* [Problem details]:
Begin at the line below that has "(fst x = fst" and stop after the line that has "f A B \<and>". Please restate only those lines, word for word.

*** Data for analysis ***

(* Let $n,d\ge 0$ be integers and let $G\subseteq\mathbb{N}$ be infinite (so $G\approx\omega$). Then there exists $H\subseteq\omega^d$ with $H\approx\omega^d$ such that every $e\in\binom{H}{n}$ satisfies some coloring rule on $\binom{\omega^d}{n}$, and every coefficient of every element of $e$ lies in $G$.
   Context: Ordinals are identified with the sets of smaller ordinals; $\approx$ is order-equivalence; $\binom{S}{n}$ is the set of $n$-element subsets of $S$. Every $\beta<\omega^d\cdot k$ ($d,k\ge0$) is uniquely written $\beta=\omega^d\cdot b+\omega^{d-1}a_{d-1}+\cdots+\omega a_1+a_0$ with $0\le b<k$, $a_j\in\mathbb{N}$; the numbers $a_0,\dots,a_{d-1}$ are called the coefficients of $\beta$; here $\omega^d=\omega^d\cdot1$. A coloring rule (CR) on $\binom{\omega^d\cdot k}{n}$ is a pair $(\mathcal{Y},\preceq)$ with $\mathcal{Y}:\{1,\dots,n\}\to\{0,\dots,k-1\}$ and $\preceq$ a total preorder on $I=\{(i,j):1\le i\le n,0\le j<d\}$ (write $\equiv$ for the induced equivalence and $\prec$ for the strict part) such that: (1) if $d\ge1$, $(i,0)\prec(i',0)$ for $i<i'$; if $d=0$, $\mathcal{Y}(i)<\mathcal{Y}(i')$ for $i<i'$; (2) $(i,j)\equiv(i',j)$ for some $j$ implies $\mathcal{Y}(i)=\mathcal{Y}(i')$; (3) $(i,j)\prec(i,j')$ for $j>j'$; (4) $(i,j)\equiv(i',j')$ implies $j=j'$; (5) for $j>0$, $(i,j)\not\equiv(i',j)$ implies $(i,j-1)\not\equiv(i',j-1)$. An edge $e\in\binom{\omega^d\cdot k}{n}$ satisfies the CR $(\mathcal{Y},\preceq)$ if its elements can be enumerated as $p_i=\omega^d b_i+\sum_{j<d}\omega^j a_{i,j}$ ($1\le i\le n$) so that $b_i=\mathcal{Y}(i)$ for all $i$ and $(i,j)\preceq(i',j')\iff a_{i,j}\le a_{i',j'}$ for all $(i,j),(i',j')\in I$. *)

theory Defs
  imports Main
begin

text \<open>Concrete representation of the ordinal \<omega>^d\<cdot>k: an ordinal
  \<beta> = \<omega>^d\<cdot>b + \<omega>^(d-1) a_(d-1) + ... + a_0 is represented by the pair
  (b, as) where as is the list of coefficients with as ! j = a_j.\<close>

definition ord_set :: "nat \<Rightarrow> nat \<Rightarrow> (nat \<times> nat list) set" where
  "ord_set d k = {(b, as). b < k \<and> length as = d}"

definition ord_less :: "nat \<times> nat list \<Rightarrow> nat \<times> nat list \<Rightarrow> bool" where
  "ord_less x y \<longleftrightarrow> fst x < fst y \<or>
     (fst x = fst y \<and> (\<exists>j < length (snd x). snd x ! j < snd y ! j \<and>
        (\<forall>j'. j < j' \<and> j' < length (snd x) \<longrightarrow> snd x ! j' = snd y ! j')))"

definition order_equiv :: "(nat \<times> nat list) set \<Rightarrow> (nat \<times> nat list) set \<Rightarrow> bool" where
  "order_equiv A B \<longleftrightarrow> (\<exists>f. bij_betw f A B \<and>
     (\<forall>x\<in>A. \<forall>y\<in>A. ord_less x y \<longleftrightarrow> ord_less (f x) (f y)))"

definition index_set :: "nat \<Rightarrow> nat \<Rightarrow> (nat \<times> nat) set" where
  "index_set n d = {1..n} \<times> {0..<d}"

definition total_preorder_on :: "'a set \<Rightarrow> ('a \<times> 'a) set \<Rightarrow> bool" where
  "total_preorder_on A R \<longleftrightarrow> R \<subseteq> A \<times> A \<and> (\<forall>x\<in>A. (x, x) \<in> R) \<and> trans R \<and>
     (\<forall>x\<in>A. \<forall>y\<in>A. (x, y) \<in> R \<or> (y, x) \<in> R)"

definition pre_strict :: "('a \<times> 'a) set \<Rightarrow> 'a \<Rightarrow> 'a \<Rightarrow> bool" where
  "pre_strict R x y \<longleftrightarrow> (x, y) \<in> R \<and> (y, x) \<notin> R"

definition pre_equiv :: "('a \<times> 'a) set \<Rightarrow> 'a \<Rightarrow> 'a \<Rightarrow> bool" where
  "pre_equiv R x y \<longleftrightarrow> (x, y) \<in> R \<and> (y, x) \<in> R"

definition coloring_rule :: "nat \<Rightarrow> nat \<Rightarrow> nat \<Rightarrow> (nat \<Rightarrow> nat) \<Rightarrow> ((nat \<times> nat) \<times> (nat \<times> nat)) set \<Rightarrow> bool" where
  "coloring_rule d k n Y R \<longleftrightarrow>
     (\<forall>i\<in>{1..n}. Y i < k) \<and>
     total_preorder_on (index_set n d) R \<and>
     (d \<ge> 1 \<longrightarrow> (\<forall>i\<in>{1..n}. \<forall>i'\<in>{1..n}. i < i' \<longrightarrow> pre_strict R (i, 0) (i', 0))) \<and>
     (d = 0 \<longrightarrow> (\<forall>i\<in>{1..n}. \<forall>i'\<in>{1..n}. i < i' \<longrightarrow> Y i < Y i')) \<and>
     (\<forall>i\<in>{1..n}. \<forall>i'\<in>{1..n}. \<forall>j<d. pre_equiv R (i, j) (i', j) \<longrightarrow> Y i = Y i') \<and>
     (\<forall>i\<in>{1..n}. \<forall>j<d. \<forall>j'<d. j > j' \<longrightarrow> pre_strict R (i, j) (i, j')) \<and>
     (\<forall>i\<in>{1..n}. \<forall>i'\<in>{1..n}. \<forall>j<d. \<forall>j'<d. pre_equiv R (i, j) (i', j') \<longrightarrow> j = j') \<and>
     (\<forall>i\<in>{1..n}. \<forall>i'\<in>{1..n}. \<forall>j<d. j > 0 \<longrightarrow>
        \<not> pre_equiv R (i, j) (i', j) \<longrightarrow> \<not> pre_equiv R (i, j - 1) (i', j - 1))"

definition satisfies_CR :: "nat \<Rightarrow> nat \<Rightarrow> (nat \<Rightarrow> nat) \<Rightarrow> ((nat \<times> nat) \<times> (nat \<times> nat)) set
    \<Rightarrow> (nat \<times> nat list) set \<Rightarrow> bool" where
  "satisfies_CR d n Y R e \<longleftrightarrow> (\<exists>p. bij_betw p {1..n} e \<and>
     (\<forall>i\<in>{1..n}. fst (p i) = Y i) \<and>
     (\<forall>i\<in>{1..n}. \<forall>j<d. \<forall>i'\<in>{1..n}. \<forall>j'<d.
        ((i, j), (i', j')) \<in> R \<longleftrightarrow> snd (p i) ! j \<le> snd (p i') ! j'))"

end

(*
  Let g enumerate G increasingly and replace the coefficient list (a_0, ..., a_(d-1))
  of an ordinal below \<omega>^d by the list whose j-th entry is g applied to the code of
  the tail (a_j, ..., a_(d-1)) under the injective list encoding of Nat_Bijection.
  That encoding grows when an element is prepended and is monotone in the head, so:
  new coefficients determine their tails, hence coincide only at equal positions, and
  coincidence at position j - 1 propagates to position j; within one ordinal they
  strictly decrease with j; and the ordinal order, which is lexicographic from the top
  coefficient, is preserved. Listing an edge of the image by its 0-th coefficients,
  the preorder "compare the coefficients" is therefore a coloring rule it satisfies.
*)

theory Submission
  imports Defs "HOL-Library.Nat_Bijection" "HOL-Library.Infinite_Set"
begin

lemma list_encode_less_Cons: "list_encode l < list_encode (a # l)"
  using le_prod_encode_2[of "list_encode l" a] by simp

lemma prod_encode_less_same_snd_iff: "prod_encode (a, m) < prod_encode (b, m) \<longleftrightarrow> a < b"
proof -
  have "mono triangle"
    by (simp add: mono_iff_le_Suc)
  then have "a < b \<Longrightarrow> prod_encode (a, m) < prod_encode (b, m)" for a b
    using monoD[of triangle "a + m" "b + m"] by (simp add: prod_encode_def)
  then show ?thesis
    by (metis linorder_neqE_nat order_less_asym)
qed

lemma list_encode_drop_Suc_less:
  "j < length as \<Longrightarrow> list_encode (drop (Suc j) as) < list_encode (drop j as)"
  by (metis Cons_nth_drop_Suc list_encode_less_Cons)

lemma list_encode_drop_strict_antimono:
  assumes "j < j'" "j' \<le> length as"
  shows "list_encode (drop j' as) < list_encode (drop j as)"
  using assms
proof (induction j' rule: less_induct)
  case (less j')
  then obtain j'' where j'': "j' = Suc j''" "j \<le> j''"
    by (metis less_imp_Suc_add le_add1)
  then have "list_encode (drop j' as) < list_encode (drop j'' as)"
    using less.prems by (simp add: list_encode_drop_Suc_less)
  also have "\<dots> \<le> list_encode (drop j as)"
    using less j'' by (cases "j = j''") (auto intro: less_imp_le)
  finally show ?case .
qed

lemma nth_agree_above_iff_drop_Suc_eq:
  assumes "length as = length bs"
  shows "(\<forall>j'. j < j' \<and> j' < length as \<longrightarrow> as ! j' = bs ! j') \<longleftrightarrow> drop (Suc j) as = drop (Suc j) bs"
proof
  assume "\<forall>j'. j < j' \<and> j' < length as \<longrightarrow> as ! j' = bs ! j'"
  then show "drop (Suc j) as = drop (Suc j) bs"
    using assms by (intro nth_equalityI) auto
next
  assume drop_eq: "drop (Suc j) as = drop (Suc j) bs"
  show "\<forall>j'. j < j' \<and> j' < length as \<longrightarrow> as ! j' = bs ! j'"
  proof (intro allI impI)
    fix j' assume "j < j' \<and> j' < length as"
    then show "as ! j' = bs ! j'"
      using arg_cong[OF drop_eq, of "\<lambda>xs. xs ! (j' - Suc j)"] assms by simp
  qed
qed

definition suffix_codes :: "(nat \<Rightarrow> nat) \<Rightarrow> nat list \<Rightarrow> nat list" where
  "suffix_codes g as = map (\<lambda>j. g (list_encode (drop j as))) [0..<length as]"

lemma length_suffix_codes [simp]: "length (suffix_codes g as) = length as"
  by (simp add: suffix_codes_def)

lemma nth_suffix_codes [simp]:
  "j < length as \<Longrightarrow> suffix_codes g as ! j = g (list_encode (drop j as))"
  by (simp add: suffix_codes_def)

lemma suffix_codes_nth_eq_iff:
  assumes "strict_mono g" "j < length as" "j' < length bs"
  shows "suffix_codes g as ! j = suffix_codes g bs ! j' \<longleftrightarrow> drop j as = drop j' bs"
  using assms by (simp add: strict_mono_eq list_encode_eq)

*** End of Data for analysis ***

* [Your response]:
     (fst x = fst y \<and> (\<exists>j < length (snd x). snd x ! j < snd y ! j \<and>
        (\<forall>j'. j < j' \<and> j' < length (snd x) \<longrightarrow> snd x ! j' = snd y ! j')))"

definition order_equiv :: "(nat \<times> nat list) set \<Rightarrow> (nat \<times> nat list) set \<Rightarrow> bool" where
  "order_equiv A B \<longleftrightarrow> (\<exists>f. bij_betw f A B \<and>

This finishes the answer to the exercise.